TEMPO.CO, Jakarta - Wakil Ketua Komisi Pertahanan DPR RI dari Fraksi Golkar, Meutia Hafid mendukung keputusan Presiden Joko Widodo untuk melibatkan Tentara Nasional Indonesia dalam pemberantasan terorisme. "Untuk itu kami meminta pansus revisi undang-undang terorisme untuk mempercepat pembahasan," kata dia dalam keterangan tertulisnya, Kamis, 25 Januari 2018.
Alasan revisi undang-undang tersebut segera dilakukan, ujar Meutya, agar dapat disahkan pada tahun 2018 ini. "Saat ini pansus masih merumuskan bentuk-bentuk keterlibatan TNI dalam pemberantasan terorisme," ucapnya.
Baca juga: Polri Tak Permasalahkan Usulan TNI Ikut Menanggulangi Terorisme
Menurut Meutya, ketika TNI meminta undang-undang tersebut untuk direvisi merupakan hal yang wajar. "TNI juga merasa berkewajiban dalam penanggulangan terorisme di Indonesia, sesuai dengan tugas pokok TNI," ujar dia.
Panglima TNI Marsekal Hadi Tjahjanto sebelumnya mengeluarkan surat berisi saran TNI terhadap Rancangan Undang-Undang tentang Pemberantasan Tindak Pidana Terorisme.
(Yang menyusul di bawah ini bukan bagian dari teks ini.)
lemma nn_integral_mat_pmf_sqnorm:
  assumes d: "d > 0" and p: "0 \<le> p" "p \<le> 1"
  shows "(\<integral>\<^sup>+ A. ennreal (sqnorm d (\<lambda>i. s i + mat_vec d A x i)) \<partial>mat_pmf d p) =
    ennreal (sqnorm d s + sqnorm d x + 2 * merw_a d p * (\<Sum>i<d. s i * x i))"
  unfolding mean_sqnorm_add_mat_vec[OF d, symmetric] by (rule nn_integral_mat_pmf[OF d p sqnorm_nonneg])

lemma mean_sqnorm_nonneg:
  assumes d: "d > 0" and p: "0 \<le> p" "p \<le> 1"
  shows "0 \<le> sqnorm d s + sqnorm d x + 2 * merw_a d p * (\<Sum>i<d. s i * x i)"
  unfolding mean_sqnorm_add_mat_vec[OF d, symmetric]
  using p d by (intro add_nonneg_nonneg mult_nonneg_nonneg sum_nonneg divide_nonneg_nonneg sqnorm_nonneg) auto

subsection \<open>Measurability on the product space\<close>

lemma product_prob_space_measure_pmf: "product_prob_space (\<lambda>k. measure_pmf (q k))"
  unfolding product_prob_space_def product_prob_space_axioms_def product_sigma_finite_def
  by (auto simp: prob_space_measure_pmf prob_space_imp_sigma_finite)

lemma measurable_PiM_pmf_component:
  "i \<in> I \<Longrightarrow> space N = UNIV \<Longrightarrow> (\<lambda>w. g (w i)) \<in> measurable (PiM I (\<lambda>k. measure_pmf (q k))) N"
  by (rule measurable_compose[OF measurable_component_singleton]) auto

text \<open>Out-of-range entries are the unspecified value [] ! _, which does not depend on w.\<close>

lemma nth_walk_steps_eq:
  "walk_steps d w n ! k = (if k < n then merw_X d w (Suc k) else [] ! (k - n))"
  by (simp add: nth_walk_steps nth_walk_steps_ge)

lemma borel_measurable_merw_X:
  "{..<n} \<subseteq> I \<Longrightarrow> (\<lambda>w. merw_X d w n j) \<in> borel_measurable (PiM I (\<lambda>k. measure_pmf (q k)))"
proof (induction n arbitrary: j rule: less_induct)
  case (less n)
  let ?M = "PiM I (\<lambda>k. measure_pmf (q k))"
  consider "n = 0" | "n = 1" | m where "n = Suc (Suc m)"
    by (metis One_nat_def not0_implies_Suc)
  then show ?case
  proof cases
    case 1 then show ?thesis by (simp add: merw_X_def)
  next
    case 2 then show ?thesis
      using less.prems measurable_PiM_pmf_component[of 0 I borel "\<lambda>x. fst x j" q]
      by (auto simp: merw_X_def)
  next
    case 3
    have SmI: "Suc m \<in> I" using less.prems 3 by auto
    have X: "merw_X d w n j = (if j < d then (\<Sum>l<d. snd (snd (w (Suc m))) j l *
        (walk_steps d w (Suc m) ! (fst (snd (w (Suc m))) - 1)) l) else 0)" for w
      by (simp add: 3 merw_X_def Let_def nth_append mat_vec_def)
    have "(\<lambda>w. merw_X d w (Suc k) l) \<in> borel_measurable ?M" if "k < Suc m" for k l
      using that less.prems 3 by (intro less.IH) auto
    then have "(\<lambda>w. (walk_steps d w (Suc m) ! k) l) \<in> borel_measurable ?M" for k l
      by (cases "k < Suc m") (simp_all add: nth_walk_steps_eq)
    then have "(\<lambda>w. (walk_steps d w (Suc m) ! (fst (snd (w (Suc m))) - 1)) l) \<in> borel_measurable ?M" for l
      by (rule measurable_compose_countable) (intro measurable_PiM_pmf_component SmI, simp)
    moreover have "(\<lambda>w. snd (snd (w (Suc m))) j l) \<in> borel_measurable ?M" for l
      using SmI by (intro measurable_PiM_pmf_component) auto
    ultimately show ?thesis unfolding X by measurable
  qed
qed

lemma borel_measurable_merw_S:
  "{..<n} \<subseteq> I \<Longrightarrow> (\<lambda>w. merw_S d w n j) \<in> borel_measurable (PiM I (\<lambda>k. measure_pmf (q k)))"
  unfolding merw_S_def by (intro borel_measurable_sum borel_measurable_merw_X) auto

lemma borel_measurable_sqnorm [measurable (raw)]:
  "(\<And>i. (\<lambda>x. f x i) \<in> borel_measurable M) \<Longrightarrow> (\<lambda>x. sqnorm d (f x)) \<in> borel_measurable M"
  unfolding sqnorm_def by measurable

lemma (in product_prob_space) nn_integral_restrict_PiM:
  assumes "finite J" "J \<subseteq> I" and g: "g \<in> borel_measurable (PiM J M)"
  shows "(\<integral>\<^sup>+ w. g (restrict w J) \<partial>PiM I M) = (\<integral>\<^sup>+ x. g x \<partial>PiM J M)"
proof -
  have "(\<integral>\<^sup>+ w. g (restrict w J) \<partial>PiM I M) = (\<integral>\<^sup>+ x. g x \<partial>distr (PiM I M) (PiM J M) (\<lambda>w. restrict w J))"
    by (rule nn_integral_distr[symmetric]) (simp_all only: measurable_restrict_subset[OF assms(2)] measurable_distr_eq1 g)
  then show ?thesis using distr_PiM_restrict_finite[OF assms(1,2)] by simp
qed

lemma nn_integral_PiM_integrate_coordinate:
  fixes f h :: "(nat \<Rightarrow> 'a) \<Rightarrow> ennreal" and q :: "nat \<Rightarrow> 'a pmf"
  defines "M \<equiv> \<lambda>k. measure_pmf (q k)"
  assumes f: "f \<in> borel_measurable (PiM {..n} M)"
    and h: "h \<in> borel_measurable (PiM {..<n} M)"
    and f_cong: "\<And>w w'. (\<And>k. k \<le> n \<Longrightarrow> w k = w' k) \<Longrightarrow> f w = f w'"
    and h_cong: "\<And>w w'. (\<And>k. k < n \<Longrightarrow> w k = w' k) \<Longrightarrow> h w = h w'"
    and f_h: "\<And>w. (\<integral>\<^sup>+ y. f (w(n := y)) \<partial>M n) = h w"
  shows "(\<integral>\<^sup>+ w. f w \<partial>PiM UNIV M) = (\<integral>\<^sup>+ w. h w \<partial>PiM UNIV M)"
proof -
  interpret P: product_prob_space M UNIV
    unfolding M_def by (rule product_prob_space_measure_pmf)
  have "(\<integral>\<^sup>+ w. f w \<partial>PiM UNIV M) = (\<integral>\<^sup>+ w. f (restrict w {..n}) \<partial>PiM UNIV M)"
    by (intro nn_integral_cong f_cong) auto
  also have "\<dots> = (\<integral>\<^sup>+ x. f x \<partial>PiM (insert n {..<n}) M)"
    using f by (simp add: P.nn_integral_restrict_PiM lessThan_Suc_atMost[symmetric] lessThan_Suc)
  also have "\<dots> = (\<integral>\<^sup>+ x. (\<integral>\<^sup>+ y. f (x(n := y)) \<partial>M n) \<partial>PiM {..<n} M)"
    using f by (intro P.product_nn_integral_insert)
      (auto simp: lessThan_Suc_atMost[symmetric] lessThan_Suc)
  also have "\<dots> = (\<integral>\<^sup>+ w. h (restrict w {..<n}) \<partial>PiM UNIV M)"
    using h by (simp add: f_h P.nn_integral_restrict_PiM)
  also have "\<dots> = (\<integral>\<^sup>+ w. h w \<partial>PiM UNIV M)"
    by (intro nn_integral_cong h_cong) auto
  finally show ?thesis .
qed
Surat bernomor B/91/I/2018 itu disampaikan Hadi pada 8 Januari 2018.
Salah satu saran Hadi adalah mengganti judul “Pemberantasan Tindak Pidana Terorisme” menjadi “Penanggulangan Aksi Terorisme”. Hadi menganggap judul sebelumnya membatasi wewenang pemberantasan terorisme yang hanya dapat ditangani kepolisian.
Berbeda pendapat dengan Meutya, Menteri Hukum dan Hak Asasi Manusia Yasonna Laoly tidak setuju dengan usul Panglima TNI Marsekal Hadi Tjahjanto soal penggantian judul Undang-undang Nomor 15 tahun 2003 tentang Tindak Pidana Terorisme.
Baca juga: Pengamat: Polisi Jadi Pelampiasan Serangan Teroris
Menurut dia, akan butuh proses yang lama jika melakukan penggantian judul yang sudah ada. Sebab, perlu ada pembuatan dan pengajuan naskah akademik baru soal UU tersebut jika judulnya diganti. Saat ini, kata Yasonna, yang menjadi pembahasan adalah substansi dari UU Tindak Pidana Terorisme.